Summary of discussion and future research topics

Exhaustion is broader than merely material resource depletion: e.g. the function of ecosystems as carbon sink is getting exhausted. We use the word “sustainability” too loosely for small, incremental, improvements. That is not a good use of the “icon” of sustainability because it is not addressing hard limits and often not considering the medium and long term. In many countries, we are not in fact decoupling resource use and economic growth, because we are substituting local production with imports. We need to consider “phantom” resource consumption (from imported goods) in our “decoupling” exercises. We still have a lot of scope to use more efficiently many of our resources.

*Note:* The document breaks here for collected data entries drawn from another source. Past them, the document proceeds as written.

lemma grid_connected_msum:
  assumes B: "B \<subseteq> box k" "grid_connected B"
    and y: "y \<in> hbridge_rows k B" and x: "x \<in> vbridge_cols k B"
    and C: "grid_connected C"
  shows "grid_connected (msum B k C)"
proof -
  let ?E = "grid_edges (msum B k C)"
  have within: "(place k c b, place k c b') \<in> ?E\<^sup>*" if "b \<in> B" "b' \<in> B" "c \<in> C" for b b' c
  proof -
    have "(place k c a, place k c a') \<in> ?E\<^sup>*" if "(a, a') \<in> grid_edges B" for a a'
    proof -
      have "(place k c a, place k c a') \<in> ?E"
        using that \<open>c \<in> C\<close> unfolding grid_edges_def by (simp add: place_in_msum)
      then show ?thesis ..
    qed
    moreover have "(b, b') \<in> (grid_edges B)\<^sup>*"
      using B(2) that unfolding grid_connected_def by blast
    ultimately show ?thesis by (rule rtrancl_map)
  qed
  have linked: "\<forall>b\<in>B. \<forall>b'\<in>B. (place k c b, place k d b') \<in> ?E\<^sup>*"
    if "(c, d) \<in> (grid_edges C)\<^sup>*" "c \<in> C" for c d
    using that(1)
  proof induction
    case base
    show ?case using within that(2) by blast
  next
    case (step d e)
    then have "d \<in> C" "e \<in> C" "grid_adj d e" unfolding grid_edges_def by auto
    then obtain b0 b1 where b: "b0 \<in> B" "b1 \<in> B" "grid_adj (place k d b0) (place k e b1)"
      using adjacent_blocks_linked[OF y x] by blast
    then have edge: "(place k d b0, place k e b1) \<in> ?E"
      using \<open>d \<in> C\<close> \<open>e \<in> C\<close> unfolding grid_edges_def by (simp add: place_in_msum)
    show ?case
    proof (intro ballI)
      fix b b' assume "b \<in> B" "b' \<in> B"
      have "(place k c b, place k d b0) \<in> ?E\<^sup>*" using step.IH \<open>b \<in> B\<close> b(1) by blast
      also have "(place k d b0, place k e b1) \<in> ?E\<^sup>*" using edge ..
      also have "(place k e b1, place k e b') \<in> ?E\<^sup>*"
        using within b(2) \<open>b' \<in> B\<close> \<open>e \<in> C\<close> by blast
      finally show "(place k c b, place k e b') \<in> ?E\<^sup>*" .
    qed
  qed
  show ?thesis
    unfolding grid_connected_def
  proof (intro ballI)
    fix p q assume "p \<in> msum B k C" "q \<in> msum B k C"
    then have "offset k p \<in> B" "block k p \<in> C" "offset k q \<in> B" "block k q \<in> C"
      using mem_msum_iff[OF B(1)] by auto
    then have "(place k (block k p) (offset k p), place k (block k q) (offset k q)) \<in> ?E\<^sup>*"
      using linked C unfolding grid_connected_def by blast
    then show "(p, q) \<in> ?E\<^sup>*" by simp
  qed
qed

lemma grid_connected_msum_factor:
  assumes k: "0 < k" and B: "B \<subseteq> box k" "B \<noteq> {}"
    and A: "grid_connected (msum B k C)"
  shows "grid_connected C"
  unfolding grid_connected_def
proof (intro ballI)
  fix c d assume "c \<in> C" "d \<in> C"
  obtain b where b: "b \<in> B" using B(2) by blast
  have "(block k p, block k q) \<in> (grid_edges C)\<^sup>*" if "(p, q) \<in> grid_edges (msum B k C)" for p q
  proof -
    have "p \<in> msum B k C" "q \<in> msum B k C" and pq: "grid_adj p q"
      using that unfolding grid_edges_def by auto
    then have "block k p \<in> C" "block k q \<in> C" using mem_msum_iff[OF B(1)] by auto
    show ?thesis
    proof (cases "block k p = block k q")
      case False
      with \<open>block k p \<in> C\<close> \<open>block k q \<in> C\<close> grid_adj_blocks[OF k pq False]
      have "(block k p, block k q) \<in> grid_edges C" unfolding grid_edges_def by simp
      then show ?thesis ..
    qed simp
  qed
  moreover have "(place k c b, place k d b) \<in> (grid_edges (msum B k C))\<^sup>*"
    using A place_in_msum b \<open>c \<in> C\<close> \<open>d \<in> C\<close> unfolding grid_connected_def by blast
  ultimately have "(block k (place k c b), block k (place k d b)) \<in> (grid_edges C)\<^sup>*"
    by (rule rtrancl_map)
  then show "(c, d) \<in> (grid_edges C)\<^sup>*" using b B(1) by auto
qed

section \<open>Acyclicity\<close>

lemma grid_acyclic_subset: "V \<subseteq> W \<Longrightarrow> grid_acyclic W \<Longrightarrow> grid_acyclic V"
  unfolding grid_acyclic_def grid_cycle_def by blast

lemma grid_cycle_adj:
  assumes "grid_cycle V cs" "i < length cs"
  shows "grid_adj (cs ! i) (cs ! (Suc i mod length cs))"
proof (cases "Suc i < length cs")
  case False
  with assms have "Suc i = length cs" by simp
  then have "i = length cs - 1" "Suc i mod length cs = 0" "cs \<noteq> []" by auto
  then show ?thesis
    using assms(1) unfolding grid_cycle_def by (simp add: last_conv_nth hd_conv_nth)
qed (use assms in \<open>simp add: grid_cycle_def\<close>)

lemma cyclic_exit:
  fixes v :: "nat \<Rightarrow> 'a"
  assumes "a < n" "b < n" "v a \<in> S" "v b \<notin> S"
  shows "\<exists>t<n. v t \<in> S \<and> v (Suc t mod n) \<notin> S"
proof -
  define h where "h t \<longleftrightarrow> v ((a + t) mod n) \<notin> S" for t
  have "(a + (b + n - a) mod n) mod n = b"
    using assms(1,2) by (simp add: mod_add_right_eq)
  then have "h ((b + n - a) mod n)" "\<not> h 0" using assms unfolding h_def by simp_all
  then obtain t where "\<not> h t" "h (Suc t)" using ex_least_nat_less by blast
  moreover have "(a + Suc t) mod n = Suc ((a + t) mod n) mod n" by (simp add: mod_Suc_eq)
  ultimately show ?thesis using assms(1) unfolding h_def by (metis mod_less_divisor order.strict_trans1 zero_le)
qed

lemma grid_acyclic_edge_separates:
  assumes acyclic: "grid_acyclic C" and c: "c1 \<in> C" "c2 \<in> C" "grid_adj c1 c2"
  shows "(c1, c2) \<notin> (grid_edges C - {(c1, c2), (c2, c1)})\<^sup>*"
proof
  define F where "F = grid_edges C - {(c1, c2), (c2, c1)}"
  define R where "R = (\<lambda>a b. (a, b) \<in> F)"
  assume "(c1, c2) \<in> (grid_edges C - {(c1, c2), (c2, c1)})\<^sup>*"
  then have "(c1, c2) \<in> F\<^sup>*" unfolding F_def .
  then have "R\<^sup>*\<^sup>* c1 c2" unfolding R_def rtranclp_rtrancl_eq by simp
  then obtain xs where path: "rtrancl_path R c1 xs c2" and dist: "distinct (c1 # xs)"
    using rtranclp_eq_rtrancl_path rtrancl_path_distinct by metis
  have R_adj: "R a b \<Longrightarrow> b \<in> C \<and> grid_adj a b" for a b
    unfolding R_def F_def grid_edges_def by auto
  have "xs \<noteq> []"
  proof
    assume "xs = []"
    then have "c1 = c2" using path by (auto elim: rtrancl_path.cases)
    then show False using c(3) grid_adj_irrefl by blast
  qed
  then have last: "last xs = c2" using rtrancl_path_last[OF path] by blast
  have "length xs \<noteq> 1"
  proof
    assume "length xs = 1"
    then have "xs = [c2]" using last by (cases xs) auto
    then have "R c1 c2" using path by (auto elim: rtrancl_path.cases)
    then show False unfolding R_def F_def by simp
  qed
  moreover have "0 < length xs" using \<open>xs \<noteq> []\<close> by simp
  ultimately have "3 \<le> length (c1 # xs)" by (simp del: length_greater_0_conv)
  moreover have "set xs \<subseteq> C" using rtrancl_path_Range[OF path] R_adj by blast
  moreover have "grid_adj ((c1 # xs) ! i) ((c1 # xs) ! Suc i)" if "Suc i < length (c1 # xs)" for i
    using rtrancl_path_nth[OF path, of i] R_adj that by simp
  ultimately have "grid_cycle C (c1 # xs)"
    unfolding grid_cycle_def using dist c last \<open>xs \<noteq> []\<close> by (simp add: grid_adj_sym)
  then show False using acyclic unfolding grid_acyclic_def by blast
qed

lemma closed_walk_retraverses_edge:
  assumes acyclic: "grid_acyclic C" and walk: "\<forall>i<n. v i \<in> C"
    "\<forall>i<n. v i = v (Suc i mod n) \<or> grid_adj (v i) (v (Suc i mod n))"
    and j: "j < n" "v j \<noteq> v (Suc j mod n)"
  shows "\<exists>t<n. v t = v (Suc j mod n) \<and> v (Suc t mod n) = v j"
proof -
  \<comment> \<open>Deleting the edge separates its ends; the walk must re-enter the side of its start,
    and only the reversed edge does so.\<close>
  define c1 where "c1 = v j"
  define c2 where "c2 = v (Suc j mod n)"
  have c: "c1 \<in> C" "c2 \<in> C" "grid_adj c1 c2"
    using walk j unfolding c1_def c2_def by auto
  define F where "F = grid_edges C - {(c1, c2), (c2, c1)}"
  define S where "S = {c. (c1, c) \<in> F\<^sup>*}"
  have "c1 \<in> S" "c2 \<notin> S"
    using grid_acyclic_edge_separates[OF acyclic c] unfolding S_def F_def by auto
  then obtain t where t: "t < n" "v t \<in> - S" "v (Suc t mod n) \<notin> - S"
    using cyclic_exit[of "Suc j mod n" n j v "- S"] j(1) unfolding c1_def c2_def by auto
  then have "(v (Suc t mod n), v t) \<in> grid_edges C"
    using walk grid_adj_sym unfolding grid_edges_def by fastforce
  moreover have "(v (Suc t mod n), v t) \<notin> F"
    using t unfolding S_def by (auto intro: rtrancl_into_rtrancl)
  ultimately show ?thesis
    using t \<open>c1 \<in> S\<close> unfolding F_def c1_def c2_def by auto
qed

lemma Suc_Suc_mod_neq:
  assumes "3 \<le> n" "j < n"
  shows "Suc (Suc j mod n) mod n \<noteq> j"
proof -
  have "Suc (Suc j mod n) mod n = (j + 2) mod n" by (simp add: mod_Suc_eq)
  then show ?thesis using assms by (cases "j + 2 < n") (auto simp: le_mod_geq)
qed

lemma grid_cycle_offsets:
  assumes B: "B \<subseteq> box k" and cyc: "grid_cycle (msum B k C) cs"
    and one_block: "\<forall>p\<in>set cs. block k p = c"
  shows "grid_cycle B (map (offset k) cs)"
proof -
  have "inj_on (offset k) (set cs)"
    using one_block by (metis inj_onI place_block_offset)
  moreover have adj: "grid_adj (offset k p) (offset k q)"
    if "p \<in> set cs" "q \<in> set cs" "grid_adj p q" for p q
    using that one_block grid_adj_same_block by metis
  moreover have "offset k ` set cs \<subseteq> B"
    using cyc mem_msum_iff[OF B] unfolding grid_cycle_def by blast
  moreover have "cs \<noteq> []" using cyc unfolding grid_cycle_def by auto
  moreover have "grid_adj (offset k (last cs)) (offset k (hd cs))"
    using adj cyc \<open>cs \<noteq> []\<close> unfolding grid_cycle_def by simp
  ultimately show ?thesis
    using cyc unfolding grid_cycle_def by (simp add: distinct_map last_map hd_map)
qed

One example is biomass related to the food cycle, e.g. by recycling waste biomass. Ultimately all natural resource consumption is the result of demand by consumers. Industry and business have of course their own agendas, and they actively promote consumption, but in fact ALL goods production, with its value chain, is predicated on demand by consumers. Even with technological advances, there will be no effective decoupling if people are not willing to want less, particularly in the richer countries. There has been insufficient research into this issue. Using the words of Pope Francis (Encyclic “Laudato Sí - on care for our common home), our biggest enemies are greed, wastefulness and selfishness.